(* Let $G\sim\mathrm{SBM}(n;C,P)$ with communities $V_1,\dots,V_c$, let $\mathbf{k}=(\mathbf{k}_1,\dots,\mathbf{k}_c)\in\mathbb{N}_0^c$ with $\mathbf{k}_\ell\le|V_\ell|$, and let $R$ consist of $\mathbf{k}_\ell$ vertices of $V_\ell$ for each $\ell$, chosen independently of the edges of $G$ (e.g. fixed, or uniformly at random within each community). Let $W$ be the number of unordered pairs of distinct rows of $\mathbf{A}^*$ that coincide on all columns in $R$. Then $$\mathbb{P}(R\text{ does not resolve }\mathbf{A}^* )=\mathbb{P}(W>0)\le\mathbb{E}(W)\le f(\mathbf{k}):=\sum_{1\le i\le j\le c}s(i,j)\prod_{\ell=1}^c r(i,j,\ell)^{\mathbf{k}_\ell},$$ where $s(i,i):=\binom{|V_i|}{2}$, $s(i,j):=|V_i||V_j|$ for $i\ne j$, and $r(i,j,\ell):=P(i,\ell)P(j,\ell)+(1-P(i,\ell))(1-P(j,\ell))$. Moreover $f$ is nonincreasing with respect to the componentwise order on $\mathbb{N}_0^c$, and whenever $R$ resolves $\mathbf{A}^*$ it is a resolving set of $G$.
   Context: Stochastic Block Model: $G\sim\mathrm{SBM}(n;C,P)$, for a partition $C=\{V_1,\dots,V_c\}$ of $V=\{1,\dots,n\}$ and a symmetric $c\times c$ matrix $P$ with entries in $[0,1]$, is the random simple undirected graph on $V$ in which, independently for each pair of distinct vertices $u\in V_i$, $v\in V_j$, the edge $\{u,v\}$ is present with probability $P(i,j)$. $\mathbf{A}^*$ is the adjacency matrix of $G$ with every diagonal entry replaced by $2$. A set $R$ of columns resolves a matrix if its rows restricted to the columns of $R$ are pairwise distinct; a set $R$ of vertices resolves $G$ if every vertex is uniquely determined by its vector of shortest-path distances to the vertices of $R$. *)

theory Defs
  imports "HOL-Probability.Probability"
begin

(* Vertex set V = {0..<n}.  The partition C = {V_0,...,V_{c-1}} is given by a
   community map comm : vertex -> {0..<c}; V_l = {v < n. comm v = l}.
   A graph on V is encoded by its edge indicator X on unordered pairs {u,v}. *)

definition community :: "nat \<Rightarrow> (nat \<Rightarrow> nat) \<Rightarrow> nat \<Rightarrow> nat set" where
  "community n comm l = {v. v < n \<and> comm v = l}"

definition vpairs :: "nat \<Rightarrow> nat set set" where
  "vpairs n = {{u, v} | u v. u < n \<and> v < n \<and> u \<noteq> v}"

definition sbm :: "nat \<Rightarrow> (nat \<Rightarrow> nat) \<Rightarrow> (nat \<Rightarrow> nat \<Rightarrow> real) \<Rightarrow> (nat set \<Rightarrow> bool) pmf" where
  "sbm n comm P = Pi_pmf (vpairs n) False
      (\<lambda>e. bernoulli_pmf (P (comm (Min e)) (comm (Max e))))"

definition Astar :: "(nat set \<Rightarrow> bool) \<Rightarrow> nat \<Rightarrow> nat \<Rightarrow> nat" where
  "Astar X u v = (if u = v then 2 else if X {u, v} then 1 else 0)"

definition resolves_matrix :: "nat \<Rightarrow> (nat set \<Rightarrow> bool) \<Rightarrow> nat set \<Rightarrow> bool" where
  "resolves_matrix n X R \<longleftrightarrow>
     (\<forall>u v. u < n \<longrightarrow> v < n \<longrightarrow> u \<noteq> v \<longrightarrow> (\<exists>r\<in>R. Astar X u r \<noteq> Astar X v r))"

definition W :: "nat \<Rightarrow> nat set \<Rightarrow> (nat set \<Rightarrow> bool) \<Rightarrow> nat" where
  "W n R X = card {{u, v} | u v. u < n \<and> v < n \<and> u \<noteq> v \<and>
                              (\<forall>r\<in>R. Astar X u r = Astar X v r)}"

definition edge_rel :: "nat \<Rightarrow> (nat set \<Rightarrow> bool) \<Rightarrow> (nat \<times> nat) set" where
  "edge_rel n X = {(u, v). u < n \<and> v < n \<and> u \<noteq> v \<and> X {u, v}}"

(* shortest-path distance, \<infinity> if no path *)
definition gdist :: "nat \<Rightarrow> (nat set \<Rightarrow> bool) \<Rightarrow> nat \<Rightarrow> nat \<Rightarrow> enat" where
  "gdist n X u v = (INF m \<in> {m. (u, v) \<in> (edge_rel n X) ^^ m}. enat m)"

* _WHAT IS EXPECTED_:
Gather up every line in the data above that contains the word "enat", copying each one.

* _OUTPUT_:
definition gdist :: "nat \<Rightarrow> (nat set \<Rightarrow> bool) \<Rightarrow> nat \<Rightarrow> nat \<Rightarrow> enat" where
  "gdist n X u v = (INF m \<in> {m. (u, v) \<in> (edge_rel n X) ^^ m}. enat m)"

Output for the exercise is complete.